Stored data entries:
=== Section Start ===

(* Let $I\subseteq\mathbb{R}$ be an interval and let $f:I\to\mathbb{R}$ be convex on $I^{\circ}$, the interior of $I$. Let $a,b\in I^{\circ}$ with $a<b$, and suppose $f'\in L[a,b]$. If $f(a)f(b)>0$ and $\int_a^b f(t)\,dt=0$, then $$f(a)f(b)\le \frac{b-a}{12}\int_a^b f'(x)^2\,dx .$$ Moreover, the constant $\frac{b-a}{12}$ is best possible: it cannot be replaced by a smaller constant such that the inequality remains valid for all functions satisfying the hypotheses.
   Context: $L[a,b]$ denotes the space of Lebesgue integrable functions on $[a,b]$. A convex function on an open interval is differentiable almost everywhere, so $f'$ is defined a.e. on $[a,b]$. *)

theory Defs
  imports "HOL-Analysis.Analysis"
begin

definition thm3_hyps ::
  "real set \<Rightarrow> (real \<Rightarrow> real) \<Rightarrow> (real \<Rightarrow> real) \<Rightarrow> real \<Rightarrow> real \<Rightarrow> bool" where
  "thm3_hyps I f f' a b \<longleftrightarrow>
     is_interval I \<and> convex_on (interior I) f \<and>
     a \<in> interior I \<and> b \<in> interior I \<and> a < b \<and>
     (AE x in lborel. x \<in> {a..b} \<longrightarrow> (f has_real_derivative f' x) (at x)) \<and>
     set_integrable lborel {a..b} f' \<and>
     f a * f b > 0 \<and>
     (LINT t:{a..b}|lborel. f t) = 0"

end

theory Submission
  imports Defs "HOL-Real_Asymp.Real_Asymp"
begin
lemma pendant_graph_properties:
  assumes L_range: "\<forall>l\<in>set L. k \<le> l \<and> l < d" and kd: "k \<le> d"
  defines "V \<equiv> {0..<d + length L}" and "E \<equiv> pendant_edge d L"
  shows "simple_graph V E" "k_connected k V E" "chordal V E" "clique_number V E = d"
    "clique_poly V E = (\<Sum>j<d. monom 1 j) + sum_list (map (monom 1) L)"
proof -
  have L_lt: "\<forall>l\<in>set L. l < d" using L_range by blast
  note s = pendant_simple[OF L_lt, folded V_def E_def]
    and K = pendant_clique[OF L_lt, folded V_def E_def]
    and nbrE = pendant_nbr[OF L_lt, folded V_def E_def]
  have VK: "V - {0..<d} = {d..<d + length L}" by (auto simp: V_def)
  have nbr_L: "nbr E x = {0..<L ! (x - d)}" "L ! (x - d) \<in> set L" if "x \<in> V - {0..<d}" for x
    using nbrE[OF that] that by (auto simp: VK)
  have outer: "\<forall>x\<in>V - {0..<d}. nbr E x \<subseteq> {0..<d}" using nbr_L L_lt by fastforce
  show "simple_graph V E" by (rule s)
  show "k_connected k V E"
    using L_range nbr_L kd by (intro k_connected_split[OF s K outer]) auto
  show "chordal V E" by (rule chordal_split[OF s K outer])
  show "clique_number V E = d"
    using clique_number_split[OF s K outer] nbr_L L_lt by fastforce
  have "clique_poly V E = (\<Sum>j<d. monom 1 j) + (\<Sum>x\<in>{d..<d + length L}. monom 1 (L ! (x - d)))"
    using clique_poly_split[OF s K outer] clique_poly_of_clique[OF s K] nbr_L by (simp add: VK)
  also have "(\<Sum>x\<in>{d..<d + length L}. monom 1 (L ! (x - d))) = sum_list (map (monom (1::int)) L)"
    by (simp add: sum.atLeastLessThan_shift_0 sum_list_sum_nth atLeast0LessThan)
  finally show "clique_poly V E = (\<Sum>j<d. monom 1 j) + sum_list (map (monom 1) L)" .
qed

lemma sum_list_map_concat: "sum_list (map f (concat xss)) = sum_list (map (\<lambda>xs. sum_list (map f xs)) xss)"
  by (induction xss) auto

text \<open>Sufficiency: for each j < d add b_(j+1) - 1 pendant vertices of degree j; these
  degrees are at least k because b_1 = ... = b_k = 1.\<close>
lemma clique_vector_sufficient:
  fixes c :: "nat list"
  assumes lc: "length c = d" and pos: "\<forall>j\<in>{1..d}. coeff (b_poly c) (j - 1) > 0"
    and kd: "k \<le> d" and one: "\<forall>j\<in>{1..k}. coeff (b_poly c) (j - 1) = 1"
  shows "\<exists>(V :: nat set) E. simple_graph V E \<and> k_connected k V E \<and> chordal V E
    \<and> clique_vector V E = c"
proof -
  define n where "n j = nat (coeff (b_poly c) j - 1)" for j
  define L where "L = concat (map (\<lambda>j. replicate (n j) j) [0..<d])"
  have pos': "coeff (b_poly c) j = 1 + int (n j)" if "j < d" for j
    using pos[rule_format, of "Suc j"] that by (simp add: n_def)
  have L_range: "\<forall>l\<in>set L. k \<le> l \<and> l < d"
  proof
    fix l assume "l \<in> set L"
    then have "l < d" "0 < n l" by (auto simp: L_def)
    moreover have "n l = 0" if "l < k" using one[rule_format, of "Suc l"] that by (simp add: n_def)
    ultimately show "k \<le> l \<and> l < d" by (metis less_irrefl not_le)
  qed
  note G = pendant_graph_properties[OF L_range kd]
  have "sum_list (map (monom 1) L) = (\<Sum>j<d. smult (int (n j)) (monom (1::int) j))"
    by (simp add: L_def sum_list_map_concat sum_list_replicate interv_sum_list_conv_sum_set_nat
        atLeast0LessThan of_nat_mult_conv_smult)
  then have "coeff (clique_poly {0..<d + length L} (pendant_edge d L)) m = coeff (b_poly c) m" for m
    using G(5) pos' b_poly_coeff_high[of c m] lc by (auto simp: coeff_sum coeff_monom smult_monom)
  then have "b_poly (clique_vector {0..<d + length L} (pendant_edge d L)) = b_poly c"
    using b_poly_clique_vector[OF G(1)] by (auto intro: poly_eqI)
  then have "clique_vector {0..<d + length L} (pendant_edge d L) = c"
    using G(4) lc by (intro b_poly_inj) (simp_all add: clique_vector_def)
  then show ?thesis using G(1-3) by blast
qed
(* Let $A_1,A_2\in\mathbb{R}_{\max}^{n\times n}$ with $A_2<CSR[A_1]$, and let $A=A_1\oplus A_2$. Then $\lambda(A)=\lambda(A_1)$, $\mathrm{crit}(A)=\mathrm{crit}(A_1)$, $CS^tR[A]=CS^tR[A_1]$ for all $t\ge1$, and $T_1(A)=T_1(A_1)$.
   Context: Max-plus semiring $\mathbb{R}_{\max}=\mathbb{R}\cup\{-\infty\}$ with $a\oplus b=\max(a,b)$, $a\otimes b=a+b$; $(A\oplus B)_{ij}=\max(a_{ij},b_{ij})$, $(AB)_{ij}=\max_k(a_{ik}+b_{kj})$; $A^t$ is the $t$-th max-plus power, $A^0=I$. $\mathcal{D}(A)$ is the digraph on $\{1,\dots,n\}$ with arc $(i,j)$ of weight $a_{ij}$ whenever $a_{ij}\ne-\infty$; walks, length (number of arcs), weight (sum of arc weights), cycles as usual. $\lambda(A)$ is the maximal cycle mean ($-\infty$ if no cycle). $\mathrm{crit}(A)$ is the subgraph of all nodes and arcs of cycles attaining $\lambda(A)$; its nodes are critical. The cyclicity of $\mathrm{crit}(A)$ is the lcm over its strongly connected components of the gcd of their cycle lengths. CSR terms: if $\lambda=\lambda(A)\ne-\infty$, with $\gamma$ the cyclicity of $\mathrm{crit}(A)$, $A_\lambda$ equal to $A$ with $\lambda$ subtracted from every finite entry, $M=I\oplus N\oplus\dots\oplus N^{n-1}$ where $N=A_\lambda^\gamma$: $c_{ij}=m_{ij}$ if $j$ critical, else $-\infty$; $r_{ij}=m_{ij}$ if $i$ critical, else $-\infty$; $s_{ij}=a_{ij}$ if $(i,j)$ is an arc of $\mathrm{crit}(A)$, else $-\infty$; $CS^tR[A]$ is the product $CS^tR$ and $CSR[A]=CS^1R[A]$. If $\lambda(A)=-\infty$, $CS^tR[A]$ is the all-$(-\infty)$ matrix. $B_N$ has $(B_N)_{ij}=-\infty$ if $i$ or $j$ is critical and $a_{ij}$ otherwise. $T_1(A)$ is the least $T\ge0$ with $A^t=CS^tR[A]\oplus B_N^t$ for all $t\ge T$. Strict order: for matrices $X,Y$, $X<Y$ means $x_{ij}\le y_{ij}$ for all $i,j$, with $x_{ij}=y_{ij}$ only if both equal $-\infty$. *)

theory Defs
  imports "HOL-Library.Extended_Real"
begin

text \<open>Max-plus matrices of size n x n, indexed by a finite type 'n (n = CARD('n)),
  with entries in ereal; the max-plus semiring R_max is ereal without +infinity.\<close>

type_synonym 'n mpmat = "'n \<Rightarrow> 'n \<Rightarrow> ereal"

definition rmax_mat :: "('n::finite) mpmat \<Rightarrow> bool" where
  "rmax_mat A \<longleftrightarrow> (\<forall>i j. A i j \<noteq> \<infinity>)"

definition mp_add :: "('n::finite) mpmat \<Rightarrow> 'n mpmat \<Rightarrow> 'n mpmat" where
  "mp_add A B = (\<lambda>i j. max (A i j) (B i j))"

definition mp_mult :: "('n::finite) mpmat \<Rightarrow> 'n mpmat \<Rightarrow> 'n mpmat" where
  "mp_mult A B = (\<lambda>i j. Max (range (\<lambda>k. A i k + B k j)))"

definition mp_one :: "('n::finite) mpmat" where
  "mp_one = (\<lambda>i j. if i = j then 0 else -\<infinity>)"

fun mp_pow :: "('n::finite) mpmat \<Rightarrow> nat \<Rightarrow> 'n mpmat" where
  "mp_pow A 0 = mp_one"
| "mp_pow A (Suc t) = mp_mult (mp_pow A t) A"

definition mp_bot :: "('n::finite) mpmat" where
  "mp_bot = (\<lambda>i j. -\<infinity>)"

definition mp_strict_less :: "('n::finite) mpmat \<Rightarrow> 'n mpmat \<Rightarrow> bool" where
  "mp_strict_less X Y \<longleftrightarrow>
     (\<forall>i j. X i j \<le> Y i j \<and> (X i j = Y i j \<longrightarrow> X i j = -\<infinity>))"

definition arcs :: "('n::finite) mpmat \<Rightarrow> ('n \<times> 'n) set" where
  "arcs A = {(i, j). A i j \<noteq> -\<infinity>}"

definition cyc_arcs :: "'a list \<Rightarrow> ('a \<times> 'a) set" where
  "cyc_arcs c = {(c ! m, c ! (Suc m mod length c)) | m. m < length c}"

definition is_cycle_in :: "('a \<times> 'a) set \<Rightarrow> 'a list \<Rightarrow> bool" where
  "is_cycle_in E c \<longleftrightarrow> c \<noteq> [] \<and> distinct c \<and> cyc_arcs c \<subseteq> E"

definition cycles :: "('n::finite) mpmat \<Rightarrow> 'n list set" where
  "cycles A = {c. is_cycle_in (arcs A) c}"

definition cyc_weight :: "('n::finite) mpmat \<Rightarrow> 'n list \<Rightarrow> ereal" where
  "cyc_weight A c = (\<Sum>m<length c. A (c ! m) (c ! (Suc m mod length c)))"

definition cyc_mean :: "('n::finite) mpmat \<Rightarrow> 'n list \<Rightarrow> ereal" where
  "cyc_mean A c = cyc_weight A c / ereal (real (length c))"

text \<open>Maximal cycle mean; Sup of the empty set is -infinity.\<close>
definition mcm :: "('n::finite) mpmat \<Rightarrow> ereal" where
  "mcm A = (SUP c \<in> cycles A. cyc_mean A c)"

definition crit_cycles :: "('n::finite) mpmat \<Rightarrow> 'n list set" where
  "crit_cycles A = {c \<in> cycles A. cyc_mean A c = mcm A}"

definition crit_nodes :: "('n::finite) mpmat \<Rightarrow> 'n set" where
  "crit_nodes A = (\<Union>c \<in> crit_cycles A. set c)"

definition crit_arcs :: "('n::finite) mpmat \<Rightarrow> ('n \<times> 'n) set" where
  "crit_arcs A = (\<Union>c \<in> crit_cycles A. cyc_arcs c)"

definition crit :: "('n::finite) mpmat \<Rightarrow> 'n set \<times> ('n \<times> 'n) set" where
  "crit A = (crit_nodes A, crit_arcs A)"

definition crit_scc :: "('n::finite) mpmat \<Rightarrow> 'n \<Rightarrow> 'n set" where
  "crit_scc A i = {j \<in> crit_nodes A. (i, j) \<in> (crit_arcs A)\<^sup>* \<and> (j, i) \<in> (crit_arcs A)\<^sup>*}"

definition scc_gcd :: "('n::finite) mpmat \<Rightarrow> 'n \<Rightarrow> nat" where
  "scc_gcd A i = Gcd {length c | c. is_cycle_in (crit_arcs A) c \<and> set c \<subseteq> crit_scc A i}"

definition cyclicity :: "('n::finite) mpmat \<Rightarrow> nat" where
  "cyclicity A = Lcm (scc_gcd A ` crit_nodes A)"

definition A_lam :: "('n::finite) mpmat \<Rightarrow> 'n mpmat" where
  "A_lam A = (\<lambda>i j. if A i j = -\<infinity> then -\<infinity> else A i j - mcm A)"

definition N_mat :: "('n::finite) mpmat \<Rightarrow> 'n mpmat" where
  "N_mat A = mp_pow (A_lam A) (cyclicity A)"

definition M_mat :: "('n::finite) mpmat \<Rightarrow> 'n mpmat" where
  "M_mat A = (\<lambda>i j. Max {mp_pow (N_mat A) k i j | k. k < card (UNIV :: 'n set)})"

definition C_mat :: "('n::finite) mpmat \<Rightarrow> 'n mpmat" where
  "C_mat A = (\<lambda>i j. if j \<in> crit_nodes A then M_mat A i j else -\<infinity>)"

definition R_mat :: "('n::finite) mpmat \<Rightarrow> 'n mpmat" where
  "R_mat A = (\<lambda>i j. if i \<in> crit_nodes A then M_mat A i j else -\<infinity>)"

definition S_mat :: "('n::finite) mpmat \<Rightarrow> 'n mpmat" where
  "S_mat A = (\<lambda>i j. if (i, j) \<in> crit_arcs A then A i j else -\<infinity>)"
lemma elt_mult_conj: "elt x y * elt (x + sigma * y) (- y) = of_int (qform x y)"
  unfolding elt_mult of_int_eq_elt qform_def by (simp add: algebra_simps power2_eq_square)

lemma four_qform: "4 * qform x y = (2 * x + sigma * y)^2 - D * y^2"
proof -
  have "D * y^2 = (4 * d + sigma) * y^2"
    using D_eq by (rule arg_cong)
  thus ?thesis
    unfolding qform_def using sigma_squared by (simp add: algebra_simps power2_eq_square)
qed

lemma qform_eq_0_iff: "qform x y = 0 \<longleftrightarrow> x = 0 \<and> y = 0"
proof
  assume "qform x y = 0"
  hence "(2 * x + sigma * y)^2 = D * y^2"
    using four_qform[of x y] by simp
  hence "y = 0"
    by (rule square_eq_D_mult_square)
  thus "x = 0 \<and> y = 0"
    using \<open>qform x y = 0\<close> unfolding qform_def by simp
qed (simp add: qform_def)

text \<open>The pairs (p X + k Y, Y) are the coordinates of the ideal generated by p and k + \<tau>.\<close>
definition lattice_norms_ge :: "int \<Rightarrow> int \<Rightarrow> bool" where
  "lattice_norms_ge p k \<longleftrightarrow> (\<forall>X Y. (X, Y) \<noteq> (0, 0) \<longrightarrow> p^2 \<le> \<bar>qform (p * X + k * Y) Y\<bar>)"

lemma lattice_norms_geD:
  "lattice_norms_ge p k \<Longrightarrow> (X, Y) \<noteq> (0, 0) \<Longrightarrow> p^2 \<le> \<bar>qform (p * X + k * Y) Y\<bar>"
  unfolding lattice_norms_ge_def by blast

lemma lattice_norms_ge_shift:
  assumes "lattice_norms_ge p k"
  shows "lattice_norms_ge p (k + p * t)"
  unfolding lattice_norms_ge_def
proof (intro allI impI)
  fix X Y :: int
  assume "(X, Y) \<noteq> (0, 0)"
  hence "(X + t * Y, Y) \<noteq> (0, 0)"
    by auto
  hence "p^2 \<le> \<bar>qform (p * (X + t * Y) + k * Y) Y\<bar>"
    by (rule lattice_norms_geD[OF assms])
  thus "p^2 \<le> \<bar>qform (p * X + (k + p * t) * Y) Y\<bar>"
    by (simp add: algebra_simps)
qed

lemma lattice_norms_ge_conj:
  assumes "lattice_norms_ge p k"
  shows "lattice_norms_ge p (- k - sigma)"
  unfolding lattice_norms_ge_def
proof (intro allI impI)
  fix X Y :: int
  assume "(X, Y) \<noteq> (0, 0)"
  hence "(X, - Y) \<noteq> (0, 0)"
    by auto
  hence "p^2 \<le> \<bar>qform (p * X + k * (- Y)) (- Y)\<bar>"
    by (rule lattice_norms_geD[OF assms])
  moreover have "qform (p * X + k * (- Y)) (- Y) = qform (p * X + (- k - sigma) * Y) Y"
    using qform_conj[of "p * X + (- k - sigma) * Y" Y] by (simp add: algebra_simps)
  ultimately show "p^2 \<le> \<bar>qform (p * X + (- k - sigma) * Y) Y\<bar>"
    by simp
qed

=== Section End ===

_Problem requirements_
Copy each line above where "interior" appears.

_Answer_
(* Let $I\subseteq\mathbb{R}$ be an interval and let $f:I\to\mathbb{R}$ be convex on $I^{\circ}$, the interior of $I$. Let $a,b\in I^{\circ}$ with $a<b$, and suppose $f'\in L[a,b]$. If $f(a)f(b)>0$ and $\int_a^b f(t)\,dt=0$, then $$f(a)f(b)\le \frac{b-a}{12}\int_a^b f'(x)^2\,dx .$$ Moreover, the constant $\frac{b-a}{12}$ is best possible: it cannot be replaced by a smaller constant such that the inequality remains valid for all functions satisfying the hypotheses.
     is_interval I \<and> convex_on (interior I) f \<and>
     a \<in> interior I \<and> b \<in> interior I \<and> a < b \<and>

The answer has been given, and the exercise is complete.